Still, even with this much documentation in hand, it's not easy to get out of the Eastern-Euro-centric head, which is marinated in a not-too-subtle distrust of food: boil the chicken until you're sure it's dead; don't use too much sugar in the cookies or you might run out. The underlying suspicion that food could become downright idolatrous was expressed by a 13th century German rabbi writing about the Jews of France. "Gross overeating is as dangerous to the body as a sword, besides that, it bars one from occupation with the law of God and the reverence due to him." (Never mind that German Jews were stuffing themselves with herring, dumplings and goose fat.)

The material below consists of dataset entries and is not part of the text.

(* Let $R$ be the right shift on $\ell^2_{\mathbb{H}}(\mathbb{Z})$ defined by $R(x)=y$ with $y_i=x_{i+1}$ for $i\neq-1$ and $y_{-1}=0$. Then $\partial\sigma_S(R)$ is properly contained in $B_{S,\partial}(R)$.
   Context: $\mathbb{H}$ denotes the quaternions, $Re(q)$ the real part and $|q|$ the norm. $\ell^2_{\mathbb{H}}(\mathbb{Z})=\{x:\mathbb{Z}\to\mathbb{H}:\sum_i|x_i|^2<\infty\}$ is a right quaternionic Hilbert space with $xa=(x_ia)_i$ and $\langle x,y\rangle=\sum_i\overline{x_i}y_i$, equipped with the left multiplication induced by the standard Hilbert basis, i.e. $qx=(qx_i)_i$. $\mathcal{B}=\mathcal{B}(\ell^2_{\mathbb{H}}(\mathbb{Z}))$ (bounded right linear operators with $(qT)x=q(Tx)$, $(Tq)x=T(qx)$, composition, operator norm) is a quaternionic two-sided Banach algebra with unit $\mathbb{I}$, with invertible group $\mathcal{B}^{-1}$. For $T\in\mathcal{B}$, $R_q(T)=T^2-2Re(q)T+|q|^2\mathbb{I}$; $\sigma_S(T)=\{q\in\mathbb{H}:R_q(T)\notin\mathcal{B}^{-1}\}$ with boundary $\partial\sigma_S(T)$ in $\mathbb{H}$; the boundary S-spectrum is $B_{S,\partial}(T)=\{q\in\mathbb{H}:R_q(T)\in\partial(\mathcal{B}\setminus\mathcal{B}^{-1})\}$, where $\partial$ is the topological boundary in $\mathcal{B}$ for the operator norm. *)

theory Defs
  imports "HOL-Analysis.Analysis"
begin

section \<open>Quaternions, modelled as real^4 (components 1,2,3,4 = real part, i, j, k)\<close>

type_synonym quat = "real ^ 4"

text \<open>The Euclidean norm on real^4 is the quaternionic norm |q|, and the topology
of real^4 is the standard topology of the quaternions.\<close>

definition qRe :: "quat \<Rightarrow> real" where
  "qRe q = q $ 1"

definition qmult :: "quat \<Rightarrow> quat \<Rightarrow> quat" where
  "qmult p q = (\<chi> n. if n = 1 then p$1*q$1 - p$2*q$2 - p$3*q$3 - p$4*q$4
                  else if n = 2 then p$1*q$2 + p$2*q$1 + p$3*q$4 - p$4*q$3
                  else if n = 3 then p$1*q$3 - p$2*q$4 + p$3*q$1 + p$4*q$2
                  else p$1*q$4 + p$2*q$3 - p$3*q$2 + p$4*q$1)"

definition l2H :: "(int \<Rightarrow> quat) set" where
  "l2H = {x. (\<lambda>i. (norm (x i))\<^sup>2) summable_on UNIV}"

definition l2norm :: "(int \<Rightarrow> quat) \<Rightarrow> real" where
  "l2norm x = sqrt (infsum (\<lambda>i. (norm (x i))\<^sup>2) UNIV)"

definition rscal :: "(int \<Rightarrow> quat) \<Rightarrow> quat \<Rightarrow> (int \<Rightarrow> quat)" where
  "rscal x a = (\<lambda>i. qmult (x i) a)"

text \<open>Operators are represented as functions on int => quat which vanish outside l2H
(so that an operator is determined by its action on l2H).\<close>

definition Bops :: "((int \<Rightarrow> quat) \<Rightarrow> (int \<Rightarrow> quat)) set" where
  "Bops = {T. (\<forall>x\<in>l2H. T x \<in> l2H)
            \<and> (\<forall>x\<in>l2H. \<forall>y\<in>l2H. T (\<lambda>i. x i + y i) = (\<lambda>i. T x i + T y i))
            \<and> (\<forall>x\<in>l2H. \<forall>a. T (rscal x a) = rscal (T x) a)
            \<and> (\<exists>C. \<forall>x\<in>l2H. l2norm (T x) \<le> C * l2norm x)
            \<and> (\<forall>x. x \<notin> l2H \<longrightarrow> T x = (\<lambda>i. 0))}"

definition Iop :: "(int \<Rightarrow> quat) \<Rightarrow> (int \<Rightarrow> quat)" where
  "Iop x = (if x \<in> l2H then x else (\<lambda>i. 0))"

definition opnorm :: "((int \<Rightarrow> quat) \<Rightarrow> (int \<Rightarrow> quat)) \<Rightarrow> real" where
  "opnorm T = Sup {l2norm (T x) | x. x \<in> l2H \<and> l2norm x \<le> 1}"

definition opdist :: "((int \<Rightarrow> quat) \<Rightarrow> (int \<Rightarrow> quat)) \<Rightarrow> ((int \<Rightarrow> quat) \<Rightarrow> (int \<Rightarrow> quat)) \<Rightarrow> real" where
  "opdist S T = opnorm (\<lambda>x i. S x i - T x i)"

definition Binv :: "((int \<Rightarrow> quat) \<Rightarrow> (int \<Rightarrow> quat)) set" where
  "Binv = {T \<in> Bops. \<exists>S\<in>Bops. S \<circ> T = Iop \<and> T \<circ> S = Iop}"

definition Bfrontier :: "((int \<Rightarrow> quat) \<Rightarrow> (int \<Rightarrow> quat)) set \<Rightarrow> ((int \<Rightarrow> quat) \<Rightarrow> (int \<Rightarrow> quat)) set" where
  "Bfrontier A = {T \<in> Bops. \<forall>e>0. (\<exists>S\<in>Bops \<inter> A. opdist S T < e) \<and> (\<exists>S\<in>Bops - A. opdist S T < e)}"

The Ashkenazic distrust of culinary pleasure – and a general tendency toward asceticism that is absent in balmier climates – also bought us the notion that rice and corn are hametz, and thus off-limits during Passover. There have been times in Ashkenaz when garlic was declared hametz. Garlic! Without which dinner is virtually pointless.

The Sephardic table is, by contrast, far more tolerant. Lamb is served at the seder (Passover service) and rice is eaten throughout Passover. And all year long, cinnamon, rosewater and lemon pervade the meat course as well as dessert. Baklavah (a Greek pastry) is as Jewish as rugelach (an Eastern European pastry) – what a concept!

Of course, choosing to go Sephardic doesn't mean I have to repudiate bagels or my mother's mandelbrot. So maybe Jewish food could become a model for a broader notion of respectful communal pluralism? Now there's an idea we should all sink our teeth into.